Copy target/scala*/simr.jar to the same directory as the runtime script simr and follow the instructions above to execute SIMR.

How it works under the hood

SIMR launches a Hadoop MapReduce job that only contains mappers. It ensures that a jumbo jar (simr.jar), containing Scala and Spark, gets uploaded to the machines of the mappers. It also ensures that the job jar you specified gets shipped to those nodes.

Once the mappers are all running with the right dependencies in place, SIMR uses HDFS to do leader election to elect one of the mappers as the Spark driver. SIMR then executes your job driver, which uses a new SIMR scheduler backend that generates and accepts driver URLs of the form simr://path. SIMR thereafter communicates the new driver URL to all the mappers, which then start Spark executors.
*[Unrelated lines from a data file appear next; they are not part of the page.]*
lemma cosymplectic_contract:
  "contract_r (\<lambda>a b v. \<beta> a b * \<omega> v (S x)) + contract_r (\<lambda>a b v. \<beta> a v * \<omega> b (S x))
    = contract_r (\<lambda>a b v. \<beta> b v * \<omega> a (S x)) + contract_r (\<lambda>a b v. \<beta> v b * \<omega> a (S x))"
proof -
  have "trilin_form s (\<lambda>a b v. \<beta> a b * \<omega> v (S x))"
    by (intro trilin_formI; rule lin_form_mult_left lin_form_mult_right; (rule lin_form_comp_S)?;
      rule bilin_form_left bilin_form_right; rule bilin_\<omega> \<beta>)
  then show ?thesis
    using cosymplectic[unfolded cosymplectic_def teq3_def, rule_format]
    by (simp add: contract_r_def sum_list_concat_map o_def split_def)
qed

abbreviation prod_\<omega> (infixl "\<cdot>\<^sub>\<omega>" 70) where "x \<cdot>\<^sub>\<omega> y \<equiv> omega_prod s \<Delta> \<omega> x y"

lemma cpYBE_tested:
  "(\<Sum>(u,v)\<leftarrow>r. \<Sum>(c,d)\<leftarrow>r. \<beta> (u \<cdot>\<^sub>\<omega> c) d * \<omega> v x)
    + (\<Sum>(u,v)\<leftarrow>r. \<Sum>(c,d)\<leftarrow>r. \<beta> c (u \<cdot>\<^sub>\<omega> d) * \<omega> v x)
    = (\<Sum>(u,v)\<leftarrow>r. \<Sum>(c,d)\<leftarrow>r. \<beta> u c * \<omega> (v \<cdot>\<^sub>\<omega> d) x)
      + (\<Sum>(u,v)\<leftarrow>r. \<Sum>(c,d)\<leftarrow>r. \<beta> u (v \<cdot>\<^sub>\<omega> c) * \<omega> d x)"
proof -
  have "trilin_form s (\<lambda>a b v. \<beta> a b * \<omega> v x)"
    by (intro trilin_formI; rule lin_form_mult_left lin_form_mult_right; (rule lin_form_comp_S)?;
      rule bilin_form_left bilin_form_right; rule bilin_\<omega> \<beta>)
  then show ?thesis
    using cpYBE[unfolded cpYBE_def teq3_def, rule_format]
    by (simp add: sum_list_concat_map o_def split_def)
qed

lemma sum_r_r_prod_first:
  "(\<Sum>(u,v)\<leftarrow>r. \<Sum>(c,d)\<leftarrow>r. \<beta> (u \<cdot>\<^sub>\<omega> c) d * \<omega> v x)
    = contract_r (\<lambda>a b v. \<beta> a (S b) * \<omega> v x) + contract_r (\<lambda>a b v. \<beta> a v * \<omega> b (S x))
      - contract_r (\<lambda>a b v. \<beta> b v * \<omega> a (S x))"
  unfolding omega_prod_def contract_r_def
  by (simp only: lin_form_add[OF bilin_form_left[OF \<beta>]] lin_form_diff[OF bilin_form_left[OF \<beta>]]
      lin_form_sum_list_scale[OF bilin_form_left[OF \<beta>]] S_right_expand_flip[OF \<beta>]
      S_right_expand[OF bilin_\<omega>])
    (simp add: sum_normalize)

lemma sum_r_r_prod_second:
  "(\<Sum>(u,v)\<leftarrow>r. \<Sum>(c,d)\<leftarrow>r. \<beta> c (u \<cdot>\<^sub>\<omega> d) * \<omega> v x)
    = contract_r (\<lambda>a b v. \<beta> (S b) a * \<omega> v x) + contract_r (\<lambda>a b v. \<beta> v a * \<omega> b (S x))
      - contract_r (\<lambda>a b v. \<beta> v b * \<omega> a (S x))"
proof -
  have "trilin_form s (\<lambda>a b v. \<beta> v a * \<omega> b (S x))"
    and "trilin_form s (\<lambda>a b v. \<beta> v b * \<omega> a (S x))"
    by (intro trilin_formI; rule lin_form_mult_left lin_form_mult_right; (rule lin_form_comp_S)?;
      rule bilin_form_left bilin_form_right; rule bilin_\<omega> \<beta>)+
  note flips = this[THEN contract_r_flip]
  show ?thesis
    unfolding omega_prod_def flips contract_r_def
    by (simp only: lin_form_add[OF bilin_form_right[OF \<beta>]] lin_form_diff[OF bilin_form_right[OF \<beta>]]
        lin_form_sum_list_scale[OF bilin_form_right[OF \<beta>]] S_left_expand[OF \<beta>]
        S_right_expand[OF bilin_\<omega>])
      (simp add: sum_normalize)
qed

lemma sum_r_r_prod_third:
  "(\<Sum>(u,v)\<leftarrow>r. \<Sum>(c,d)\<leftarrow>r. \<beta> u c * \<omega> (v \<cdot>\<^sub>\<omega> d) x)
    = contract_r (\<lambda>a b v. \<beta> v (S b) * \<omega> a x) + contract_r (\<lambda>a b v. \<beta> (S b) v * \<omega> a x)
      - contract_r (\<lambda>a b v. \<beta> (S a) v * \<omega> b x)"
proof -
  have "trilin_form s (\<lambda>a b v. \<beta> v (S b) * \<omega> a x)"
    and "trilin_form s (\<lambda>a b v. \<beta> (S b) v * \<omega> a x)"
    and "trilin_form s (\<lambda>a b v. \<beta> (S a) v * \<omega> b x)"
    by (intro trilin_formI; rule lin_form_mult_left lin_form_mult_right; (rule lin_form_comp_S)?;
      rule bilin_form_left bilin_form_right; rule bilin_\<omega> \<beta>)+
  note flips = this[THEN contract_r_flip]
  show ?thesis
    unfolding omega_prod_def flips
    by (simp only: lin_form_add[OF bilin_form_left[OF bilin_\<omega>]]
        lin_form_diff[OF bilin_form_left[OF bilin_\<omega>]]
        lin_form_sum_list_scale[OF bilin_form_left[OF bilin_\<omega>]]
        S_left_expand[OF \<beta>] S_right_expand[OF \<beta>])
      (simp add: sum_normalize)
qed

lemma sum_r_r_prod_fourth:
  "(\<Sum>(u,v)\<leftarrow>r. \<Sum>(c,d)\<leftarrow>r. \<beta> u (v \<cdot>\<^sub>\<omega> c) * \<omega> d x)
    = contract_r (\<lambda>a b v. \<beta> v a * \<omega> b (S x)) + contract_r (\<lambda>a b v. \<beta> (S b) a * \<omega> v x)
      - contract_r (\<lambda>a b v. \<beta> (S a) b * \<omega> v x)"
proof -
  have "trilin_form s (\<lambda>a b v. \<beta> v a * \<omega> b (S x))"
    by (intro trilin_formI; rule lin_form_mult_left lin_form_mult_right; (rule lin_form_comp_S)?;
      rule bilin_form_left bilin_form_right; rule bilin_\<omega> \<beta>)
  note flip = this[THEN contract_r_flip]
  show ?thesis
    unfolding omega_prod_def flip contract_r_def
    by (simp only: lin_form_add[OF bilin_form_right[OF \<beta>]] lin_form_diff[OF bilin_form_right[OF \<beta>]]
        lin_form_sum_list_scale[OF bilin_form_right[OF \<beta>]] S_left_expand[OF \<beta>]
        S_right_expand[OF bilin_\<omega>])
      (simp add: sum_normalize)
qed

lemma nijenhuis_identity_tested:
  "(\<Sum>(a,b)\<leftarrow>\<Delta> x. \<beta> (S a) (S b)) + (\<Sum>(a,b)\<leftarrow>\<Delta> (S (S x)). \<beta> a b)
    = (\<Sum>(a,b)\<leftarrow>\<Delta> (S x). \<beta> (S a) b) + (\<Sum>(a,b)\<leftarrow>\<Delta> (S x). \<beta> a (S b))"
  using cpYBE_tested[of x] cosymplectic_contract[of x]
  unfolding sum_comult_S_S sum_comult_S_S_arg sum_comult_S_arg_left sum_comult_S_arg_right
    sum_r_r_prod_first sum_r_r_prod_second sum_r_r_prod_third sum_r_r_prod_fourth
  by algebra

end

end

theorem theorem3p13:
  fixes scale :: "'k::field \<Rightarrow> 'v::ab_group_add \<Rightarrow> 'v"
    and \<Delta> :: "'v \<Rightarrow> ('v \<times> 'v) list"
    and r :: "('v \<times> 'v) list"
    and \<omega> :: "'v \<Rightarrow> 'v \<Rightarrow> 'k"
  assumes "perm_coalgebra scale \<Delta>"
    and "sym_tensor scale r"
    and "cosymplectic scale \<Delta> r"
    and "bilin_form scale \<omega>"
    and "\<forall>x y. \<omega> x y = \<omega> y x"
    and "ccpYBE \<Delta> \<omega>"
    and "cpYBE scale (omega_prod scale \<Delta> \<omega>) r"
  shows "nijenhuis_perm_coalgebra scale \<Delta> (S_map scale r \<omega>)"
proof -
  have "vector_space scale" and "linear_comult scale \<Delta>"
    using assms(1) unfolding perm_coalgebra_def by auto
  then interpret quasitriangular_data scale \<Delta> r \<omega>
    using assms
    by (simp add: quasitriangular_data_def quasitriangular_data_axioms_def symmetric_pairing_def)
  have "Vector_Spaces.linear scale scale S"
    by (simp add: Vector_Spaces.linear_iff vector_space S_add S_scale)
  moreover have "teq2 scale ([(S a, S b). (a,b) \<leftarrow> \<Delta> x] @ \<Delta> (S (S x)))
      ([(S a, b). (a,b) \<leftarrow> \<Delta> (S x)] @ [(a, S b). (a,b) \<leftarrow> \<Delta> (S x)])" for x
    unfolding teq2_def
    using nijenhuis_identity_tested by (simp add: sum_list_concat_map o_def split_def)
  ultimately show ?thesis
    unfolding nijenhuis_perm_coalgebra_def using assms(1) by blast
qed
end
The executors connect back to the driver, which executes your program.

All output to stdout and stderr is redirected to the specified HDFS directory. Once your job is done, the SIMR backend scheduler has additional functionality to shut down all the executors (hence the new required call to stop()).

About

SIMR was jointly developed by databricks and UC Berkeley AMPLab under the Apache license.